Thank you. I tried that but it did not work to remove trailing spaces.
I believe this is why my size facet queries are not working. After
reloading, the XML result entries still have:
<arr name="size">
<str>LARGE </str>
<str>MEDIUM </str>
<str>SMALL </str>
</arr>
I am using this:
<fieldType name="size" class="solr.TextField">
<analyzer>
<tokenizer class="solr.StandardTokenizerFactory"/>
</analyzer>
</fieldType>
And here is my size field:
<field name="size" type="string" indexed="true" stored="true"
multiValued="true" required="false"/>
I did not know what difference this does:
<analyzer type="query">
vs this:
<analyzer type="index">
But it appears I do not need that part.
On Mon, Mar 22, 2010 at 2:12 PM, Ahmet Arslan <io...@yahoo.com> wrote:
>
>> In my schema.xml, I am trying to remove whitespace from a
>> multivalued
>> field as they come from the database.

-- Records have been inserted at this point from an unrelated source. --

definition fps_pderiv :: "'a::idom poly fps \<Rightarrow> 'a poly fps" where
  "fps_pderiv f = Abs_fps (\<lambda>n. pderiv (f $ n))"

lemma fps_pderiv_nth [simp]: "fps_pderiv f $ n = pderiv (f $ n)"
  by (simp add: fps_pderiv_def)

lemma fps_pderiv_mult: "fps_pderiv (f * g) = fps_pderiv f * g + f * fps_pderiv g"
proof (rule fps_ext)
  fix n
  have "pderiv (\<Sum>i = 0..n. f $ i * g $ (n - i)) = (\<Sum>i = 0..n. pderiv (f $ i * g $ (n - i)))"
    using higher_pderiv_sum[of 1 "\<lambda>i. f $ i * g $ (n - i)" "{0..n}"] by simp
  then have "pderiv (\<Sum>i = 0..n. f $ i * g $ (n - i))
      = (\<Sum>i = 0..n. pderiv (f $ i) * g $ (n - i) + f $ i * pderiv (g $ (n - i)))"
    by (simp add: pderiv_mult add.commute mult.commute)
  then show "fps_pderiv (f * g) $ n = (fps_pderiv f * g + f * fps_pderiv g) $ n"
    by (simp add: fps_mult_nth sum.distrib)
qed

lemma fps_pderiv_add: "fps_pderiv (f + g) = fps_pderiv f + fps_pderiv g"
  by (rule fps_ext) (simp add: pderiv_add)

lemma fps_pderiv_diff: "fps_pderiv (f - g) = fps_pderiv f - fps_pderiv g"
  by (rule fps_ext) (simp add: pderiv_diff)

lemma fps_pderiv_const: "fps_pderiv (fps_const p) = fps_const (pderiv p)"
  by (rule fps_ext) simp

lemma fps_pderiv_one [simp]: "fps_pderiv 1 = 0"
  by (rule fps_ext) simp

Is this the correct
>> way:
>>
>> <fieldType name="size"
>> class="solr.TextField">
>> <analyzer type="query">
>> <tokenizer
>> class="solr.StandardTokenizerFactory"/>
>> <filter
>> class="solr.TrimFilterFactory" />
>> </analyzer>
>> </fieldType>
>>
>> I do not believe this is working.
>
> TrimFilterFactory trims leading and trailing white-spaces. But StandardTokenizerFactory already eats up white-spaces. In other words it is meaningless to use it with StandardTokenizerFactory.
>
> In your field type definition you specified only query analyzer but not index analyzer. You can use this directly:
>
> <fieldType name="size" class="solr.TextField">
> <analyzer>
> <tokenizer class="solr.StandardTokenizerFactory"/>
> </analyzer>
> </fieldType>
>
> What do you mean by removing whitespace from a multivalued field as they come from the database?
>
>
>
>
Re: Correct way to use tokenizer for whitespace
Posted by Ahmet Arslan <io...@yahoo.com>.
> In my schema.xml, I am trying to remove whitespace from a
> multivalued
> field as they come from the database. Is this the correct
> way:
>
> <fieldType name="size"
> class="solr.TextField">
> <analyzer type="query">
> <tokenizer
> class="solr.StandardTokenizerFactory"/>
> <filter
> class="solr.TrimFilterFactory" />
> </analyzer>
> </fieldType>
>
> I do not believe this is working.
TrimFilterFactory trims leading and trailing white-spaces. But StandardTokenizerFactory already eats up white-spaces. In other words it is meaningless to use it with StandardTokenizerFactory.
In your field type definition you specified only query analyzer but not index analyzer. You can use this directly:
<fieldType name="size" class="solr.TextField">
<analyzer>
<tokenizer class="solr.StandardTokenizerFactory"/>
</analyzer>
</fieldType>
What do you mean by removing whitespace from a multivalued field as they come from the database?